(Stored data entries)

************

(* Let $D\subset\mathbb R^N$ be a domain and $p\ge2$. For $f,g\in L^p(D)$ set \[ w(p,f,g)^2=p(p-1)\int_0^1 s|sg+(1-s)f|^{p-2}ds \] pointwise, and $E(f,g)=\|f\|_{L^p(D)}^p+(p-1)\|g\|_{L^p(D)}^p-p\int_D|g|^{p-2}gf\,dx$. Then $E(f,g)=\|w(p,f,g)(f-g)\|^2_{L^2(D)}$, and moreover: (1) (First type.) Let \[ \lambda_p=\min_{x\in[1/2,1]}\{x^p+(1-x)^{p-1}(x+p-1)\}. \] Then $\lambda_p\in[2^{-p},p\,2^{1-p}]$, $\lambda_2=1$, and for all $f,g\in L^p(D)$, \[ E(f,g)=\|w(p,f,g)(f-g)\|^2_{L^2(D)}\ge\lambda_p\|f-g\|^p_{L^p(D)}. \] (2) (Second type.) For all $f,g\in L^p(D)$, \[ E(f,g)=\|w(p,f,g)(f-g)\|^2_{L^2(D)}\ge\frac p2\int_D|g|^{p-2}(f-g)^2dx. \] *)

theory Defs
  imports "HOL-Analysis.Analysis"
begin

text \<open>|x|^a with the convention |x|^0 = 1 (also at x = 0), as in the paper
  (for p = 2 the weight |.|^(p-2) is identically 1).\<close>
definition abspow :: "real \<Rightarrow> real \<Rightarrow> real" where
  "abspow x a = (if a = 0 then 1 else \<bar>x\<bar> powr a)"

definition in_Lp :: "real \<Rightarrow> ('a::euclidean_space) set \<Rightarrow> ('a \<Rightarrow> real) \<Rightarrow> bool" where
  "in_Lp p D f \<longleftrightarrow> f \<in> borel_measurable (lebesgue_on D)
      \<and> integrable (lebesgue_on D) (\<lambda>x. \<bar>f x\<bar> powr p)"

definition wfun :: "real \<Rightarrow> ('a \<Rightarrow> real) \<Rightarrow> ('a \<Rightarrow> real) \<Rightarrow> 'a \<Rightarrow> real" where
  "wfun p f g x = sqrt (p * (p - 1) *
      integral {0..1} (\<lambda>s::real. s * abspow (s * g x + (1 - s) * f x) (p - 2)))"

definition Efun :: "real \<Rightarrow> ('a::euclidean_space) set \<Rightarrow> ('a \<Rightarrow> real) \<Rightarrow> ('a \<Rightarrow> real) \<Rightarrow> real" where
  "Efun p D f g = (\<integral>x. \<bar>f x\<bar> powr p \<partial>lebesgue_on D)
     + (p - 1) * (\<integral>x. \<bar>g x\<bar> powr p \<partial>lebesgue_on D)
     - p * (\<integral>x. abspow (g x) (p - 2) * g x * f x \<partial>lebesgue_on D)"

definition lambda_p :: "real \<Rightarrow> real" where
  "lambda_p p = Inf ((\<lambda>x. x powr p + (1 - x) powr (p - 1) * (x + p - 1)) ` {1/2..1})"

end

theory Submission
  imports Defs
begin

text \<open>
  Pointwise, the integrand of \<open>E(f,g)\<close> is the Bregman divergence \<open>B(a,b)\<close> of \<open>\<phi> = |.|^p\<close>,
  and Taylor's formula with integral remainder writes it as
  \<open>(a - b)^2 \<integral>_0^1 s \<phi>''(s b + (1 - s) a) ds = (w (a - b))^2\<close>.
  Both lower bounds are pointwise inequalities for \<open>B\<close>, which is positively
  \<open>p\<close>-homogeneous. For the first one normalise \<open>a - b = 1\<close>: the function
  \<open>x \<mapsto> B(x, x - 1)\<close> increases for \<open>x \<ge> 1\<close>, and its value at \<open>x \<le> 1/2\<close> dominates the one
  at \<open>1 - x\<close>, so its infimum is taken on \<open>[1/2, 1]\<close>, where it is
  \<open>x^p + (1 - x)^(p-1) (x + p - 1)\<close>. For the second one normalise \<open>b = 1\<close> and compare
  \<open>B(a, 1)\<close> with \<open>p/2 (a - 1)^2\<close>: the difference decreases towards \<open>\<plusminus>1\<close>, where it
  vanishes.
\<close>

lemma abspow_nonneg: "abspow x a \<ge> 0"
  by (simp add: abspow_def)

************

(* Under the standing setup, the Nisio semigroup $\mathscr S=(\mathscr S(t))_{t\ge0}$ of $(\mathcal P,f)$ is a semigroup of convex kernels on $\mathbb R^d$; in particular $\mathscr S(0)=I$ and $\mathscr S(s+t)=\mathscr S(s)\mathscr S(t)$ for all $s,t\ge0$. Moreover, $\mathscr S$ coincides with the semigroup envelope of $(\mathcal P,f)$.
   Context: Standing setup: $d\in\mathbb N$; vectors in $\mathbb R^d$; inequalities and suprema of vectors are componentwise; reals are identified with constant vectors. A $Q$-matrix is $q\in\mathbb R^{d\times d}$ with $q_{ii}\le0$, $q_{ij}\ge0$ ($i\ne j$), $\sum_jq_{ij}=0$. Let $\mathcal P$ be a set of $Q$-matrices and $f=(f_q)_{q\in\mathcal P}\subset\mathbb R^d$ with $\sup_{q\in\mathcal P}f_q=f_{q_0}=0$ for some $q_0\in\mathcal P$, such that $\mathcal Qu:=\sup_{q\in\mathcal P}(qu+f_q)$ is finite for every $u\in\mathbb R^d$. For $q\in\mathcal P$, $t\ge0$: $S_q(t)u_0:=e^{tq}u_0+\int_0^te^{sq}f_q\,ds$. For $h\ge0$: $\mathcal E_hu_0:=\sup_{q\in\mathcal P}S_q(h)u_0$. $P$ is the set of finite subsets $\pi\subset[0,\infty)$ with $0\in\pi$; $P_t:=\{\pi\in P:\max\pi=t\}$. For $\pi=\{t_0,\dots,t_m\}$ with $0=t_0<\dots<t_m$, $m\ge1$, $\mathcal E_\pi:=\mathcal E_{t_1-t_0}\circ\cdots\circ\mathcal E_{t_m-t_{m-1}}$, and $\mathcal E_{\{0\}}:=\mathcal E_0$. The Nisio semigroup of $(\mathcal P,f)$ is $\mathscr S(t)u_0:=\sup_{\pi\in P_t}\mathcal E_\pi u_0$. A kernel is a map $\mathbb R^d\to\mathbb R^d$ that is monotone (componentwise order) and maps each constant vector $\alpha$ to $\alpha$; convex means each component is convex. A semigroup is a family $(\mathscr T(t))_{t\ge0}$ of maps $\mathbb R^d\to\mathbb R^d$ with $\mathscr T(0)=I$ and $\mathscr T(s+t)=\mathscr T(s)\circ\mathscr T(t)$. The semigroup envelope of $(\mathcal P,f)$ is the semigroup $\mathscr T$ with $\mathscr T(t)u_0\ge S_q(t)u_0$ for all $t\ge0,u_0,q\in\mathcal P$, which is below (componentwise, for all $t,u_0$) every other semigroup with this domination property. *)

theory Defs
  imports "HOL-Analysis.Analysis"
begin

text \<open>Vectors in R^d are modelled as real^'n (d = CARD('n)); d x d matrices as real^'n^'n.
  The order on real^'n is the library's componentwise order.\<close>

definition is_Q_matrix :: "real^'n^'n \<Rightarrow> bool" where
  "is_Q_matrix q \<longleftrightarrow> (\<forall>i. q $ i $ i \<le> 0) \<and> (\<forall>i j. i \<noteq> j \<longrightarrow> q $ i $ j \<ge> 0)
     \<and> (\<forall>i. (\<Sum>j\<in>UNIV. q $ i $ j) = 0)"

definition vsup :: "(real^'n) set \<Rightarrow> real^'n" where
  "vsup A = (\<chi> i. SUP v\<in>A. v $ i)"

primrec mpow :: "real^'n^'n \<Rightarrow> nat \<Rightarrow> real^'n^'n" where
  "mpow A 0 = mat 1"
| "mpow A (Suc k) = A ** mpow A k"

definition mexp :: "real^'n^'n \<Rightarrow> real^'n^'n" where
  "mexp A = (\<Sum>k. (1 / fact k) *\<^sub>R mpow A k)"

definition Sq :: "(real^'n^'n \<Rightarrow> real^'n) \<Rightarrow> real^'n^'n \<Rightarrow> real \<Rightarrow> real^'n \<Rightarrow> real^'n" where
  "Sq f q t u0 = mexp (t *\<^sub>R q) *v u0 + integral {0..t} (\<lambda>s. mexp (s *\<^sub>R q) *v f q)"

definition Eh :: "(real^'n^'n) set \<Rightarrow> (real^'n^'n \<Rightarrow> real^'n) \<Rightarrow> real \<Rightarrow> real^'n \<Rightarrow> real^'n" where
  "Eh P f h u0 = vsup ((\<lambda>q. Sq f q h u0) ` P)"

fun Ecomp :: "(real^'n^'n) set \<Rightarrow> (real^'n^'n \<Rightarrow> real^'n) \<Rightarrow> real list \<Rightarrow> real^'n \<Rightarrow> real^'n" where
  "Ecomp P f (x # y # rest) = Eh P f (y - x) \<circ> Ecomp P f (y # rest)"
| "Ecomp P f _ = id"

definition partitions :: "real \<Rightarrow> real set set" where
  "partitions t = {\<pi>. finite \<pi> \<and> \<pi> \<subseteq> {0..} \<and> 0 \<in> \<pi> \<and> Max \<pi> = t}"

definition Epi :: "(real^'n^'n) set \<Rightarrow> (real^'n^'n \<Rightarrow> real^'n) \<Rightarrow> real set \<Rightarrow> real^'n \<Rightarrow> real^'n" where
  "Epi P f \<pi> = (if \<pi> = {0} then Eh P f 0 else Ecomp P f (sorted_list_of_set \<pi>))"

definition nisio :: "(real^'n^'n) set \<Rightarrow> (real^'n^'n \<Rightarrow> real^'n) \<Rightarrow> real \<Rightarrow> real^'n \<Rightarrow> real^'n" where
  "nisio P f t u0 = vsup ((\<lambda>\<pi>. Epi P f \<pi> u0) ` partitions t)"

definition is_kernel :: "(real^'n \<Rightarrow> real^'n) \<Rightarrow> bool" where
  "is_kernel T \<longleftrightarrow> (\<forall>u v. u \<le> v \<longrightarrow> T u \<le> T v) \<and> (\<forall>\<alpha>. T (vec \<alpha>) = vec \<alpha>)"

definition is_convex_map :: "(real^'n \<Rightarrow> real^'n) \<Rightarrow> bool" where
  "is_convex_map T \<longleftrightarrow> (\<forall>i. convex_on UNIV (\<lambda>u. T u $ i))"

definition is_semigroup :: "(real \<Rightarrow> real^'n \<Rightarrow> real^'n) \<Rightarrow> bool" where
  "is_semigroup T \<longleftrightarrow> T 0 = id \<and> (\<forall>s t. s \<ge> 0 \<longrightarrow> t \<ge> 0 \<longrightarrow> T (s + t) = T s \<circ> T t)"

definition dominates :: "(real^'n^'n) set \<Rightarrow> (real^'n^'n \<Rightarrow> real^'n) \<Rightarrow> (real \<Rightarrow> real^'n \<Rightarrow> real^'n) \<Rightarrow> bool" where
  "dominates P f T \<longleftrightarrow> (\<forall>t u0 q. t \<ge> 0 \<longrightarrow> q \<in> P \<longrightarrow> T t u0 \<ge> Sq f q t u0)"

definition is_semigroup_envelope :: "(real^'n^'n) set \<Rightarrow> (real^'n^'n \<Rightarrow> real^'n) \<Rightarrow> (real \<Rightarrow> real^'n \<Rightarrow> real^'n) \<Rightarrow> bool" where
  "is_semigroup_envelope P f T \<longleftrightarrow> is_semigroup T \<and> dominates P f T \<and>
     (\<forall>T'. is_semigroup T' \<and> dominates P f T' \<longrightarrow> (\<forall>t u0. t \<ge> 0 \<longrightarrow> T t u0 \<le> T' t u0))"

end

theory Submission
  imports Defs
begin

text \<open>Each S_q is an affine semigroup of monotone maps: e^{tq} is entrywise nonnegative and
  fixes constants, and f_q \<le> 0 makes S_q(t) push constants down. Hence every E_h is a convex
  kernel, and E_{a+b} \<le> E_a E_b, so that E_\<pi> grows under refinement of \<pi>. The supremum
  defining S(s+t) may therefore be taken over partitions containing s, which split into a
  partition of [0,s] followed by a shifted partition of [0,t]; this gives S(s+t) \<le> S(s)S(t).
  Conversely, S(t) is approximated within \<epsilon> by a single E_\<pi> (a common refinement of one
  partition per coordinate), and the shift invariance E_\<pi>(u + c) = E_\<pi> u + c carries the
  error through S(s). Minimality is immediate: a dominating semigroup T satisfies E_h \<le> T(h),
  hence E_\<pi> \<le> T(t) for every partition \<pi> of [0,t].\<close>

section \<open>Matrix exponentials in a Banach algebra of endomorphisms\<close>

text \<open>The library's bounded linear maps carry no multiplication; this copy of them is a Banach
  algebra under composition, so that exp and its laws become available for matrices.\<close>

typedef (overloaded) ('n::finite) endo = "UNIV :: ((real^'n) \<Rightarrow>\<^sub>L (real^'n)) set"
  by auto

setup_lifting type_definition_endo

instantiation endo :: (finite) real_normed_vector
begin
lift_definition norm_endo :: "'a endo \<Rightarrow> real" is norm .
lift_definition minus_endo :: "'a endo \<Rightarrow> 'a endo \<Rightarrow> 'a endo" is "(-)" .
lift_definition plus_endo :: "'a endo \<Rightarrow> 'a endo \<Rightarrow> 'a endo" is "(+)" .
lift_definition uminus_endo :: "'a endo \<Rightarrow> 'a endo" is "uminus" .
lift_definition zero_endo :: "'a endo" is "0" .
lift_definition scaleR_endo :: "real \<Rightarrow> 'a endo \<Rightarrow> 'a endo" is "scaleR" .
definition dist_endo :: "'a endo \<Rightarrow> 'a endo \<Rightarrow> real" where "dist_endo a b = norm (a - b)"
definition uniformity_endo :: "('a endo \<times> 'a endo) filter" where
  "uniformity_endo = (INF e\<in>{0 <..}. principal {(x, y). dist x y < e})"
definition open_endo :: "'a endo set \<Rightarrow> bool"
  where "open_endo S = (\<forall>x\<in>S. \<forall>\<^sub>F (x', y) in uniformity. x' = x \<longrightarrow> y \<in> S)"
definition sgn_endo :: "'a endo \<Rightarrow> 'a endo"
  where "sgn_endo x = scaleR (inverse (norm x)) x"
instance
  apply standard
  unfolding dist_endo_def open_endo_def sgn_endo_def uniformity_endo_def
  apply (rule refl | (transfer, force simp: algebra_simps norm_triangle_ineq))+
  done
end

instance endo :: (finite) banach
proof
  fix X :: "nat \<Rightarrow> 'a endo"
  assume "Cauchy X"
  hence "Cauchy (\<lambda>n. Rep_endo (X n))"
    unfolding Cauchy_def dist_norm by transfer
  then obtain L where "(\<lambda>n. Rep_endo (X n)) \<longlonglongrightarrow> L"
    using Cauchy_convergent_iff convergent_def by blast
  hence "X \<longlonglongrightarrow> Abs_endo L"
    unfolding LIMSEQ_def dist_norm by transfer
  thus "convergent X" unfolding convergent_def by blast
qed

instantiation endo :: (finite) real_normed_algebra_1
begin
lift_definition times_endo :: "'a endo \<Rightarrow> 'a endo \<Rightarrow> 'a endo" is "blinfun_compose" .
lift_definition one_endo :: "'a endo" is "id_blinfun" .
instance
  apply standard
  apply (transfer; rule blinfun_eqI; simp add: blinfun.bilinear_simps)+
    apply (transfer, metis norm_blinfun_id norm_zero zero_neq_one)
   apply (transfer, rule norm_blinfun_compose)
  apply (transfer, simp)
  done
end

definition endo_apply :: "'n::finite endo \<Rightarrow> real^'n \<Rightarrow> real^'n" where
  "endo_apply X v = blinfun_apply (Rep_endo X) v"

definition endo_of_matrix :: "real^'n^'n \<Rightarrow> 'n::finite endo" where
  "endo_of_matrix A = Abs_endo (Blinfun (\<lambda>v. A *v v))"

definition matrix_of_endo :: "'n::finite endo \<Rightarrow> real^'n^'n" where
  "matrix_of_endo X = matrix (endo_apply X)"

************

[PROMPT]
Scan the data above; copy every line where "forall" appears.

[EXERCISE RESULT]
  "is_Q_matrix q \<longleftrightarrow> (\<forall>i. q $ i $ i \<le> 0) \<and> (\<forall>i j. i \<noteq> j \<longrightarrow> q $ i $ j \<ge> 0)
     \<and> (\<forall>i. (\<Sum>j\<in>UNIV. q $ i $ j) = 0)"
  "is_kernel T \<longleftrightarrow> (\<forall>u v. u \<le> v \<longrightarrow> T u \<le> T v) \<and> (\<forall>\<alpha>. T (vec \<alpha>) = vec \<alpha>)"
  "is_convex_map T \<longleftrightarrow> (\<forall>i. convex_on UNIV (\<lambda>u. T u $ i))"
  "is_semigroup T \<longleftrightarrow> T 0 = id \<and> (\<forall>s t. s \<ge> 0 \<longrightarrow> t \<ge> 0 \<longrightarrow> T (s + t) = T s \<circ> T t)"
  "dominates P f T \<longleftrightarrow> (\<forall>t u0 q. t \<ge> 0 \<longrightarrow> q \<in> P \<longrightarrow> T t u0 \<ge> Sq f q t u0)"
     (\<forall>T'. is_semigroup T' \<and> dominates P f T' \<longrightarrow> (\<forall>t u0. t \<ge> 0 \<longrightarrow> T t u0 \<le> T' t u0))"
  where "open_endo S = (\<forall>x\<in>S. \<forall>\<^sub>F (x', y) in uniformity. x' = x \<longrightarrow> y \<in> S)"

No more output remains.